▶ **What the exercise asks**
Which lines of the data contain the string "assumes"? Copy every one of them.

▶ **Records**

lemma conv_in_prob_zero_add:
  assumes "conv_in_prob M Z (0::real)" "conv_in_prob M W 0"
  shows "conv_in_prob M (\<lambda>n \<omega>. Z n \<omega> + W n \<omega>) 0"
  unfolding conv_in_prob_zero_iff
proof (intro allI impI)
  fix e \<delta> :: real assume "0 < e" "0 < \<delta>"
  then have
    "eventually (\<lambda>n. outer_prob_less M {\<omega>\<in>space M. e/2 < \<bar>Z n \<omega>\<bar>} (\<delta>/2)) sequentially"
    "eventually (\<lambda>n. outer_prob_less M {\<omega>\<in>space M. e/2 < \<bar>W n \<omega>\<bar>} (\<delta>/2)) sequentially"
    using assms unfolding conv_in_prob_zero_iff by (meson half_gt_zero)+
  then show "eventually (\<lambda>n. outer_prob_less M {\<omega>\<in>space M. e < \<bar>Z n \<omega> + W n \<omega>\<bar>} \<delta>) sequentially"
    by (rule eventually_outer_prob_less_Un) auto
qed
--
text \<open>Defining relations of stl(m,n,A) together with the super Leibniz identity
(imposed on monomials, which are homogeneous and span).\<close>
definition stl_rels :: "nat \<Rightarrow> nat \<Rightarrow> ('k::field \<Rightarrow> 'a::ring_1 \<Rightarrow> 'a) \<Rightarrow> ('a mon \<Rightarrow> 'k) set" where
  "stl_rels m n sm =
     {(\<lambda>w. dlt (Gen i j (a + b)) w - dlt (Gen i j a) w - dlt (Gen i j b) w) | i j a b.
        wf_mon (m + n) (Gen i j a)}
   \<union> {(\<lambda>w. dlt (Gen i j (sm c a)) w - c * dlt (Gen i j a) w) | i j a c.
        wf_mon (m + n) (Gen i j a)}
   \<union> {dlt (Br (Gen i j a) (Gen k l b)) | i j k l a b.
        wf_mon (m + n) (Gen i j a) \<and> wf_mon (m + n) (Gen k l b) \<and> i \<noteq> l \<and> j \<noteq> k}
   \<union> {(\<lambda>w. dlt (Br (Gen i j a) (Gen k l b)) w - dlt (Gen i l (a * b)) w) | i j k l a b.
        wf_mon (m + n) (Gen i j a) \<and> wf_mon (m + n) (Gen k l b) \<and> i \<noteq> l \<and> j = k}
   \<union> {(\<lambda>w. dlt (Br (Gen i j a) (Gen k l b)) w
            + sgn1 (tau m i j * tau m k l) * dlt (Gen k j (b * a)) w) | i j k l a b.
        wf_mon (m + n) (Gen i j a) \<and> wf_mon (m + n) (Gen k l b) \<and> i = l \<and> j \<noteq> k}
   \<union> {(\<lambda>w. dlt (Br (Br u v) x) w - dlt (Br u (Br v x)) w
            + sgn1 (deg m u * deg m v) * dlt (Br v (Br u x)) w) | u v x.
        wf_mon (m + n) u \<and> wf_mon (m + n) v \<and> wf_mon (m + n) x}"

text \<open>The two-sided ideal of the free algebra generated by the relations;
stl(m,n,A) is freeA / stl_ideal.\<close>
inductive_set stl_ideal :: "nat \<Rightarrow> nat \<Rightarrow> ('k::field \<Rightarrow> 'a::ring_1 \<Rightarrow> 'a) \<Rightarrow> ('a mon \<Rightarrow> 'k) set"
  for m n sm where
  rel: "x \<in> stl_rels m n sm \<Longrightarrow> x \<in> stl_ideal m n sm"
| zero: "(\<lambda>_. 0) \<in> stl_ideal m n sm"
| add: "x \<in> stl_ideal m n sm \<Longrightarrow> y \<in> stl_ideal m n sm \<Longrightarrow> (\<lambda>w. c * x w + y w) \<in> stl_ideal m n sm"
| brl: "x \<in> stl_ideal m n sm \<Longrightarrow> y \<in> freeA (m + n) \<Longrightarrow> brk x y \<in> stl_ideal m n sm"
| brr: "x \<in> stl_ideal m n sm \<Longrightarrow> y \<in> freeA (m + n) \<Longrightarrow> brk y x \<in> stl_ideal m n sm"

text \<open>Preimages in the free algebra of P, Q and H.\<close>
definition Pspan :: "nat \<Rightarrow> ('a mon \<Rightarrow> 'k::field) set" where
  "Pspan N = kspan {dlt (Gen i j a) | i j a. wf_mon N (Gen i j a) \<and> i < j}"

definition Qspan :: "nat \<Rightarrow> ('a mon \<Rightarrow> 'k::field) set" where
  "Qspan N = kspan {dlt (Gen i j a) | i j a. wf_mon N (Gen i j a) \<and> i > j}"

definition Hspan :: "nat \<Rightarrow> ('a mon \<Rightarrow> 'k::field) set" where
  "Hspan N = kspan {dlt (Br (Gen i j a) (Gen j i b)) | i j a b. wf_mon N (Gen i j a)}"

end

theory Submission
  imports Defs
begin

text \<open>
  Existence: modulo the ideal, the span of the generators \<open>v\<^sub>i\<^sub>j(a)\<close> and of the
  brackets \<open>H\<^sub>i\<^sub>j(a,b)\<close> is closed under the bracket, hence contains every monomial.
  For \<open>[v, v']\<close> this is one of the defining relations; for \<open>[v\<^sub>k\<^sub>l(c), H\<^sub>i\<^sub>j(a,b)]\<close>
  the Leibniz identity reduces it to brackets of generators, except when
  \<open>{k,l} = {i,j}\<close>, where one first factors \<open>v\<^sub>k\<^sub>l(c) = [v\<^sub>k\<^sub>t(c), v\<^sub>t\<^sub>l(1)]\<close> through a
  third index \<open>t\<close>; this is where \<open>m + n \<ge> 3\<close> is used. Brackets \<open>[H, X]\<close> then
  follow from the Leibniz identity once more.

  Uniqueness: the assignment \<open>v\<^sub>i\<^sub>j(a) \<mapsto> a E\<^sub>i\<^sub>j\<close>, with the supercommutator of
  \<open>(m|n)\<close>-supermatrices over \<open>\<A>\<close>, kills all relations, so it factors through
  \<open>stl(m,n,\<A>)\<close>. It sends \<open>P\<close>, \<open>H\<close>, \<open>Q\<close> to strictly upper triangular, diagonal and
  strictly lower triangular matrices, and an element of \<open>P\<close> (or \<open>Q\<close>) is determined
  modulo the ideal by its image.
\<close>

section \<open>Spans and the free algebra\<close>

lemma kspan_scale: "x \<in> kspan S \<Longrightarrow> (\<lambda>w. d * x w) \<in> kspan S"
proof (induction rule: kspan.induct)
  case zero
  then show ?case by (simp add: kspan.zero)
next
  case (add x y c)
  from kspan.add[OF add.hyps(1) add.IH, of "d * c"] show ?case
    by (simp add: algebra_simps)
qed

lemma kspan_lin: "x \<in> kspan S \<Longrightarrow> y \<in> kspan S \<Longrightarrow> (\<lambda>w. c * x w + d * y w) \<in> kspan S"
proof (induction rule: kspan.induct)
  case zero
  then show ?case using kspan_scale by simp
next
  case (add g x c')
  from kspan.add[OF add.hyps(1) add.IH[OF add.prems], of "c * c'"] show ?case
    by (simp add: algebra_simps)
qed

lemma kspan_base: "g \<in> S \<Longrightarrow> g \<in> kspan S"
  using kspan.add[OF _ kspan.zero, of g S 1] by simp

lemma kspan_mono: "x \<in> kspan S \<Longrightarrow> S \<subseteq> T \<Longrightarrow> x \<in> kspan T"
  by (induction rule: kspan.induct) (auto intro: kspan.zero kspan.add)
...
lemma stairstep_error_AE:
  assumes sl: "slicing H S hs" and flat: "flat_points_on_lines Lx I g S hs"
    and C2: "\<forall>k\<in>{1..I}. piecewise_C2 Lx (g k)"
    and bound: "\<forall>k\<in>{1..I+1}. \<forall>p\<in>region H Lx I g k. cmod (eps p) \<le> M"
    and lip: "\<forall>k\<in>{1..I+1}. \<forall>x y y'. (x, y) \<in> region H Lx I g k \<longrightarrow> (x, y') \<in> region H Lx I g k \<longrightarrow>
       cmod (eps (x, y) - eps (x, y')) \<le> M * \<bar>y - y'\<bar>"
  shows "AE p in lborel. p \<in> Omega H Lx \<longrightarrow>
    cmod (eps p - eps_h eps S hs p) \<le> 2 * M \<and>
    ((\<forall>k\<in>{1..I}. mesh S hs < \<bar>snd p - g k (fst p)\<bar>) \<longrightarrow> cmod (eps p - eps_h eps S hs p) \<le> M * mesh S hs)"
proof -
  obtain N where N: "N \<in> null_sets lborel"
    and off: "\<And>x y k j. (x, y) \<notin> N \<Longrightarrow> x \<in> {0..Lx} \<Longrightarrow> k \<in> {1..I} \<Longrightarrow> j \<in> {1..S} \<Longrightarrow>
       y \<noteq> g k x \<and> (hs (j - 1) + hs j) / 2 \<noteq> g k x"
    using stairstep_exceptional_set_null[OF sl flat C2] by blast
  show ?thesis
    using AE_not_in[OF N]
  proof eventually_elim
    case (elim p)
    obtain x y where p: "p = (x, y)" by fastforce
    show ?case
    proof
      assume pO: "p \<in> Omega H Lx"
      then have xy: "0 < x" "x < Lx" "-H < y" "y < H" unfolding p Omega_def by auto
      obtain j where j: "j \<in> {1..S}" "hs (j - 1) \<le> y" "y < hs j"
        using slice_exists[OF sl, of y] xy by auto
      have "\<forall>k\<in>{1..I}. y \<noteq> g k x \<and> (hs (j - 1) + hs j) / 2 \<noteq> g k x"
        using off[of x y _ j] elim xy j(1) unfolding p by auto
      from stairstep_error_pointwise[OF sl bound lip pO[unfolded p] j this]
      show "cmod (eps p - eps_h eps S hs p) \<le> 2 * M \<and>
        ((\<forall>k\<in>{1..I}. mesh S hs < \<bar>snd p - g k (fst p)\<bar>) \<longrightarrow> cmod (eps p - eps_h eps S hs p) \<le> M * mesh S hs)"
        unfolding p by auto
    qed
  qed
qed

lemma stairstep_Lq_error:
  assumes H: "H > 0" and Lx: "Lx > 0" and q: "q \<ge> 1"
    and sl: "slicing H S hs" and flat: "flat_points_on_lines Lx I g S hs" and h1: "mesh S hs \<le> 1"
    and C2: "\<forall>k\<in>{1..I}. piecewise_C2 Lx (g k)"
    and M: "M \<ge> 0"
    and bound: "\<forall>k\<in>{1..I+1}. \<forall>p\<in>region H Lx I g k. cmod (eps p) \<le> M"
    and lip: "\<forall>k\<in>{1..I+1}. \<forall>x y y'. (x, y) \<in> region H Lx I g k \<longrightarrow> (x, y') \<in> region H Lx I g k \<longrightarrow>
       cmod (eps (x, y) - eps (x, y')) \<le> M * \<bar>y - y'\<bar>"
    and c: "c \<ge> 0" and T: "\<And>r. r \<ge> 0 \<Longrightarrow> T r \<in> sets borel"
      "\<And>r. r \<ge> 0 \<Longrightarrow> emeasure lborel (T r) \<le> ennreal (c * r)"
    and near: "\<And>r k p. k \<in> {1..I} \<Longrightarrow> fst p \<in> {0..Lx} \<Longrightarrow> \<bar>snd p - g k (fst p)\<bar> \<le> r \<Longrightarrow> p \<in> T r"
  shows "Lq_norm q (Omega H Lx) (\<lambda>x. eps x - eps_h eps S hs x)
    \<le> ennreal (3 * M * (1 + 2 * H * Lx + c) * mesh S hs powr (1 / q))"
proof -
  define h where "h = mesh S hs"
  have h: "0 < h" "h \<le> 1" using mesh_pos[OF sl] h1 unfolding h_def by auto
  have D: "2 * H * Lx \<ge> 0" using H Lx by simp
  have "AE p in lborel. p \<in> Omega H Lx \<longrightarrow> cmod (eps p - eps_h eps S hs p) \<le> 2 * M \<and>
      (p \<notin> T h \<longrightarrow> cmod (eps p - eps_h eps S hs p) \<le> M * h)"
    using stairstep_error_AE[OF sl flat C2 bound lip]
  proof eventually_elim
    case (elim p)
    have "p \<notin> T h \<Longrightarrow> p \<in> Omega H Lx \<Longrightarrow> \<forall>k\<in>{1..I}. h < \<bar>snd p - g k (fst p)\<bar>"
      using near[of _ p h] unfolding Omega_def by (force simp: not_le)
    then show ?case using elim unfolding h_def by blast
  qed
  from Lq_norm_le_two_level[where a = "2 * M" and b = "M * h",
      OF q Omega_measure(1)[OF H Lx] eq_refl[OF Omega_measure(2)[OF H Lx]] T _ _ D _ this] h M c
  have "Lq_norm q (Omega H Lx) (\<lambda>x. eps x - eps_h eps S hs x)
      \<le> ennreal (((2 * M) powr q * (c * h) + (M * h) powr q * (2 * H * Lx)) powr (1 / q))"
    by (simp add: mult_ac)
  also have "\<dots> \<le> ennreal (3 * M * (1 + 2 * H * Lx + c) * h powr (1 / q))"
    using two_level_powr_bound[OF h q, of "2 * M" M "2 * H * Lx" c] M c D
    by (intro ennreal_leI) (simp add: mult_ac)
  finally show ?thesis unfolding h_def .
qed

▶ **Output of the exercise**
  assumes "conv_in_prob M Z (0::real)" "conv_in_prob M W 0"
  assumes sl: "slicing H S hs" and flat: "flat_points_on_lines Lx I g S hs"
  assumes H: "H > 0" and Lx: "Lx > 0" and q: "q \<ge> 1"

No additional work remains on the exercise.